According to The New York Times, the Trump administration’s Justice Department’s civil rights division is going to ramp up investigating and sue universities over affirmative action admissions policies deemed to discriminate against “white applicants.” (Update: The DOJ denies the story.)
Nothing in the story, incidentally, backs up The Time’s assertion that “white applicants” will be afforded a special place in these suits. Now, I get the perfunctory need to render everything a clear-cut racial crisis, but not only are Asian students disproportionately hurt by these policies, white women also happen to benefit from affirmative action programs.

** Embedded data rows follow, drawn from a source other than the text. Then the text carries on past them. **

lemma class_pow_sum_le:
  assumes P: "1 \<le> P" "p = ennreal P"
  shows "zsum (\<lambda>k. if idx k = m then enn_pow P (ennreal (scaled x k)) else 0)
     \<le> ennreal (64 * 2 powr P * 4 powr P) * enn_pow P (Kfun N0 N1 (s m) x / ennreal (\<phi> (s m)))"
proof -
  have P0: "0 < P" using P by simp
  let ?S = "zsum (\<lambda>k. if idx k = m then enn_pow P (ennreal (scaled x k)) else 0)"
  define D where "D = 64 * 2 powr P"
  have D: "0 < D" unfolding D_def by simp
  define E where "E = D powr (1/P) * (4 / \<phi> (s m))"
  have E: "0 < E" unfolding E_def using D phi_s_pos[of m] by simp
  have "enn_pow (1/P) ?S \<le> ennreal E * Kfun N0 N1 (s m) x"
  proof (rule Kfun_greatest_scaled[OF E])
    fix x0 x1 assume dec: "\<forall>i. x i = x0 i + x1 i"
    have "enn_pow (1/P) ?S
        \<le> enn_pow (1/P) (ennreal D * enn_pow P (ennreal (4 / \<phi> (s m)) * (N0 x0 + ennreal (s m) * N1 x1)))"
      using P0 class_pow_sum_le_decomposition[OF P dec, of m] unfolding D_def by (intro enn_pow_mono) auto
    also have "\<dots> = enn_pow (1/P) (ennreal D) * (ennreal (4 / \<phi> (s m)) * (N0 x0 + ennreal (s m) * N1 x1))"
      using P0 by (simp add: enn_pow_mult enn_pow_inverse)
    also have "\<dots> = ennreal E * (N0 x0 + ennreal (s m) * N1 x1)"
    proof -
      have "ennreal E = ennreal (D powr (1/P)) * ennreal (4 / \<phi> (s m))"
        unfolding E_def using D phi_s_pos[of m] by (intro ennreal_mult) auto
      moreover have "enn_pow (1/P) (ennreal D) = ennreal (D powr (1/P))"
        using D by (intro enn_pow_ennreal) simp
      ultimately show ?thesis by (simp only: mult.assoc)
    qed
    finally show "enn_pow (1/P) ?S \<le> ennreal E * (N0 x0 + ennreal (s m) * N1 x1)" .
  qed
  then have "enn_pow P (enn_pow (1/P) ?S) \<le> enn_pow P (ennreal E * Kfun N0 N1 (s m) x)"
    using P0 by (intro enn_pow_mono) auto
  then have "?S \<le> enn_pow P (ennreal E * Kfun N0 N1 (s m) x)"
    by (simp only: enn_pow_inverse(2)[OF P0])
  also have "\<dots> = ennreal (E powr P) * enn_pow P (Kfun N0 N1 (s m) x)"
    using P0 E by (simp add: enn_pow_mult enn_pow_ennreal)
  also have "E powr P = (64 * 2 powr P * 4 powr P) * (1 / \<phi> (s m)) powr P"
    using D phi_s_pos[of m] P0 powr_mult[of 2 4 P] unfolding E_def D_def
    by (simp add: powr_mult powr_powr powr_divide)
  also have "ennreal ((64 * 2 powr P * 4 powr P) * (1 / \<phi> (s m)) powr P) * enn_pow P (Kfun N0 N1 (s m) x)
      = ennreal (64 * 2 powr P * 4 powr P) * enn_pow P (Kfun N0 N1 (s m) x / ennreal (\<phi> (s m)))"
    using P0 phi_s_pos[of m]
    by (simp add: ennreal_div_eq_mult enn_pow_mult enn_pow_ennreal ennreal_mult mult_ac)
  finally show ?thesis .
qed
lemma chi2_nested_tail_le:
  assumes "b \<ge> 1" "k \<ge> 2" "0 < R1" "R1 < a" "a < R" "R - a > real k - 2"
  shows "chi2_nested_tail b k R1 R
    \<le> (LBINT t:{R<..}. chi2_density b t) +
        (chi2_pair_const b k R * (LBINT t=R1..a. t powr (real b / 2 - 1) * (R - t) powr (real k / 2) / (R - real k + 2 - t))
         + (LBINT t=a..R. chi2_density b t))"
proof -
  define g where "g t = chi2_pair_const b k R * (t powr (real b / 2 - 1) * (R - t) powr (real k / 2) / (R - real k + 2 - t))" for t
  have g_nonneg: "g t \<ge> 0" if "t \<in> {R1<..<a}" for t
    using that assms chi2_pair_const_pos[of b k R] by (auto simp: g_def intro!: divide_nonneg_pos)
  have [measurable]: "g \<in> borel_measurable borel" unfolding g_def by measurable
  have "continuous_on {R1..a} g"
    unfolding g_def using assms by (auto intro!: continuous_intros)
  hence "set_integrable lborel {R1<..<a} g"
    by (intro set_integrable_subset[OF borel_integrable_atLeastAtMost']) auto
  hence g_integral: "(\<integral>\<^sup>+x. ennreal (g x * indicator {R1<..<a} x) \<partial>lborel) = ennreal (LBINT t:{R1<..<a}. g t)"
    by (rule nn_integral_eq_set_integral) (rule g_nonneg)
  have chi2_integrable: "set_integrable lborel S (chi2_density b)" if "S \<in> sets borel" for S
    using assms that by (intro set_integrable_chi2_density) auto
  have nonneg: "0 \<le> (LBINT t:{R<..}. chi2_density b t)" "0 \<le> (LBINT t:{R1<..<a}. g t)"
      "0 \<le> (LBINT t:{a<..<R}. chi2_density b t)"
    using g_nonneg by (auto intro!: set_integral_nonneg chi2_density_nonneg)
  have "(\<integral>\<^sup>+x. ennreal (chi2_density b x * indicator {R<..} x) + ennreal (g x * indicator {R1<..<a} x)
        + ennreal (chi2_density b x * indicator {a<..<R} x) \<partial>lborel) =
      (\<integral>\<^sup>+x. ennreal (chi2_density b x * indicator {R<..} x) \<partial>lborel) + (\<integral>\<^sup>+x. ennreal (g x * indicator {R1<..<a} x) \<partial>lborel)
        + (\<integral>\<^sup>+x. ennreal (chi2_density b x * indicator {a<..<R} x) \<partial>lborel)"
    by (simp add: nn_integral_add)
  also have "\<dots> = ennreal ((LBINT t:{R<..}. chi2_density b t) + ((LBINT t:{R1<..<a}. g t) + (LBINT t:{a<..<R}. chi2_density b t)))"
    unfolding g_integral using chi2_integrable nonneg by (simp add: nn_integral_eq_set_integral chi2_density_nonneg add.assoc)
  finally have integrals: "(\<integral>\<^sup>+x. ennreal (chi2_density b x * indicator {R<..} x) + ennreal (g x * indicator {R1<..<a} x)
        + ennreal (chi2_density b x * indicator {a<..<R} x) \<partial>lborel) =
      ennreal ((LBINT t:{R<..}. chi2_density b t) + ((LBINT t:{R1<..<a}. g t) + (LBINT t:{a<..<R}. chi2_density b t)))" .
  have "(\<integral>\<^sup>+x. ennreal (chi2_density b x) * indicator {R1<..} x * chi2_tail k (R - x) \<partial>lborel) \<le>
      (\<integral>\<^sup>+x. ennreal (chi2_density b x * indicator {R<..} x) + ennreal (g x * indicator {R1<..<a} x)
        + ennreal (chi2_density b x * indicator {a<..<R} x) \<partial>lborel)"
  proof (intro nn_integral_mono_AE)
    show "AE x in lborel. ennreal (chi2_density b x) * indicator {R1<..} x * chi2_tail k (R - x) \<le>
        ennreal (chi2_density b x * indicator {R<..} x) + ennreal (g x * indicator {R1<..<a} x)
        + ennreal (chi2_density b x * indicator {a<..<R} x)"
      using AE_lborel_singleton[of a] AE_lborel_singleton[of R]
    proof eventually_elim
      case (elim x)
      show ?case unfolding g_def by (rule chi2_tail_integrand_le) (use assms elim in auto)
    qed
  qed
  hence "chi2_nested_tail b k R1 R \<le> (LBINT t:{R<..}. chi2_density b t) + ((LBINT t:{R1<..<a}. g t)
        + (LBINT t:{a<..<R}. chi2_density b t))"
    unfolding chi2_nested_tail_def integrals using nonneg by (intro enn2real_leI) auto
  also have "(LBINT t:{R1<..<a}. g t) =
      chi2_pair_const b k R * (LBINT t:{R1<..<a}. t powr (real b / 2 - 1) * (R - t) powr (real k / 2) / (R - real k + 2 - t))"
    unfolding g_def by (rule set_integral_mult_right)
  finally show ?thesis using assms by (simp add: interval_integral_Ioo)
qed
text \<open>The conjugates of \<open>u\<close> are near \<open>-2\<close>, so those of \<open>u + 1\<close> are near \<open>-1\<close>; with
  \<open>u \<approx> 1\<close> this gives weights near \<open>1/4\<close> for \<open>u\<close> and \<open>2\<^sup>r/2\<close> for \<open>u + 1\<close>, and the
  conjugates of \<open>z\<close> are tuned to give \<open>z\<close> a weight near \<open>1/2\<close>.\<close>
lemma exists_pair_u_lightest:
  fixes vz :: real
  assumes "r > 0" "vz > 0"
  obtains u z where "u \<in> K" "z \<in> K" "u > 0" "z > 0" "Q_lin_indep3 1 u z"
    "weight K r z < weight K r (u + 1)" "weight K r z < 1" "weight K r u < 1" "weight K r u < weight K r z"
    "1 < vz \<Longrightarrow> 1 < z" "vz < 1 \<Longrightarrow> z < 1"
proof -
  define wz where "wz = sqrt (2 * vz powr r / vz)"
  have "wz \<noteq> 0" using assms by (simp add: wz_def)
  have limits: "1 powr r / (1 * (- 2)\<^sup>2) = (1 / 4 :: real)"
    "(1 + 1) powr r / ((1 + 1) * (- 2 + 1)\<^sup>2) = (2 :: real) powr r / 2"
    "vz powr r / (vz * wz\<^sup>2) = 1 / 2"
    using assms by (simp_all add: wz_def)
  have "(2 :: real) powr r > 1" using assms by simp
  then have lim_less: "1 / 2 < (2 :: real) powr r / 2" "1 / 2 < (1 :: real)" "1 / 4 < (1 :: real)" "1 / 4 < (1 / 2 :: real)"
    by simp_all
  obtain u z where seq: "\<And>n. u n \<in> K" "\<And>n. z n \<in> K" "\<And>n. Q_lin_indep3 1 (u n) (z n)"
    "u \<longlonglongrightarrow> 1" "z \<longlonglongrightarrow> vz"
    "(\<lambda>n. weight K r (u n)) \<longlonglongrightarrow> 1 / 4"
    "(\<lambda>n. weight K r (u n + 1)) \<longlonglongrightarrow> 2 powr r / 2"
    "(\<lambda>n. weight K r (z n)) \<longlonglongrightarrow> 1 / 2"
    using independent_sequences[where vu = 1 and wu = "- 2" and r = r, of vz wz] assms \<open>wz \<noteq> 0\<close> unfolding limits by auto
  have "eventually (\<lambda>n. u n > 0 \<and> z n > 0 \<and> weight K r (z n) < weight K r (u n + 1) \<and>
      weight K r (z n) < 1 \<and> weight K r (u n) < 1 \<and> weight K r (u n) < weight K r (z n) \<and>
      (1 < vz \<longrightarrow> 1 < z n) \<and> (vz < 1 \<longrightarrow> z n < 1)) sequentially"
    using order_tendstoD(1)[OF seq(4) zero_less_one] order_tendstoD(1)[OF seq(5) assms(2)]
      tendsto_less_eventually[OF seq(8) seq(7) lim_less(1)]
      tendsto_less_eventually[OF seq(8) tendsto_const lim_less(2)]
      tendsto_less_eventually[OF seq(6) tendsto_const lim_less(3)]
      tendsto_less_eventually[OF seq(6) seq(8) lim_less(4)] tendsto_eventually_same_side[OF seq(5), of 1]
    by eventually_elim auto
  then obtain n where "u n > 0" "z n > 0" "weight K r (z n) < weight K r (u n + 1)"
    "weight K r (z n) < 1" "weight K r (u n) < 1" "weight K r (u n) < weight K r (z n)"
    "1 < vz \<longrightarrow> 1 < z n" "vz < 1 \<longrightarrow> z n < 1"
    by (auto simp: eventually_sequentially)
  with seq(1-3) show thesis by (intro that[of "u n" "z n"]) auto
qed

lemma exists_step_weights:
  fixes r :: real
  assumes "r > 0" and ij: "(i, j) \<in> Ind" and "(k, l) \<in> Ind"
    and "(k, l) \<noteq> (i, theta i j)" "(k, l) \<noteq> (theta i j, i)"
  obtains Y :: "nat \<Rightarrow> real" where "\<And>m. m < 3 \<Longrightarrow> Y m \<in> K" "\<And>m. m < 3 \<Longrightarrow> Y m > 0" "Y j = 1"
    "Q_lin_indep3 1 (Y i) (Y (theta i j))"
    "weight K r (Y (theta i j)) < weight K r (Y i + 1)" "weight K r (Y (theta i j)) < 1"
    "weight K r (Y (theta k l)) < weight K r (Y k)" "weight K r (Y (theta k l)) < weight K r (Y l)"
    "Y l \<le> Y k"
proof -
  note ij_facts = theta_facts[OF ij]
  define Y where "Y u z m = (if m = i then u else if m = j then 1 else z)" for u z :: real and m
  have Y: "Y u z i = u" "Y u z j = 1" "Y u z (theta i j) = z" for u z
    using ij_facts by (simp_all add: Y_def)
  have Y_in: "Y u z m \<in> K" "Y u z m > 0" if "u \<in> K" "z \<in> K" "u > 0" "z > 0" for u z m
    using that subfield_real_one[OF subfield] by (simp_all add: Y_def)
  consider "(k, l) = (i, j) \<or> (k, l) = (j, i)" | "(k, l) = (j, theta i j) \<or> (k, l) = (theta i j, j)"
    using Ind_cases_after_step assms(2-5) by blast
  then show thesis
  proof cases
    case 1
    define vu :: real where "vu = (if (k, l) = (i, j) then 2 else 1 / 2)"
    have "vu > 0" by (simp add: vu_def)
    obtain u z where uz: "u \<in> K" "z \<in> K" "u > 0" "z > 0" "Q_lin_indep3 1 u z"
      "weight K r z < weight K r (u + 1)" "weight K r z < 1" "weight K r z < weight K r u"
      "1 < vu \<Longrightarrow> 1 < u" "vu < 1 \<Longrightarrow> u < 1"
      using exists_pair_z_lightest[where r = r, OF \<open>vu > 0\<close>] by blast
    show thesis
      by (rule that[of "Y u z"]) (use 1 uz Y Y_in vu_def ij_facts theta_eqs[OF ij] in \<open>auto simp: weight_one\<close>)
  next
    case 2
    define vz :: real where "vz = (if (k, l) = (theta i j, j) then 2 else 1 / 2)"
    have "vz > 0" by (simp add: vz_def)
    obtain u z where uz: "u \<in> K" "z \<in> K" "u > 0" "z > 0" "Q_lin_indep3 1 u z"
      "weight K r z < weight K r (u + 1)" "weight K r z < 1" "weight K r u < 1" "weight K r u < weight K r z"
      "1 < vz \<Longrightarrow> 1 < z" "vz < 1 \<Longrightarrow> z < 1"
      using exists_pair_u_lightest[OF \<open>r > 0\<close> \<open>vz > 0\<close>] by blast
    show thesis
      by (rule that[of "Y u z"]) (use 2 uz Y Y_in vz_def ij_facts theta_eqs[OF ij] in \<open>auto simp: weight_one\<close>)
  qed
qed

The reaction, though, was predictable. Take this Slate piece that connects a 40-year fight over racial quotas—manned by, among many others, black conservatives like Shelby Steele and Thomas Sowell, who have long argued that affirmative action undercuts black achievement—to “white nationalism” and beer bongs (‘cause, you know, that’s what all the white kids spend their time doing in college.) The move, contends Elliot Hannon, is the “natural culmination of white conservative America’s growing sense of aggrievement and Fox News-fueled belief that they are somehow the victims of reverse racism, particularly under the Obama administration.”
When your ideology demands you bean-count human beings by color, it’s probably difficult to understand that individuals, whatever their race, can be hurt by discriminatory policies. Even a white male.
Many people who see the “fairness” being afforded one minority student do not contemplate the unfairness being visited upon the other potential students. It seems to me that efforts meant to undo wrongs should not punish those completely disconnected from the historic offense. The idea that Asian American (whose parents or grandparents might have been immigrants) or white students should be pushed out of their preferred schools because their racial heirs were supporters of injustice is an ugly argument.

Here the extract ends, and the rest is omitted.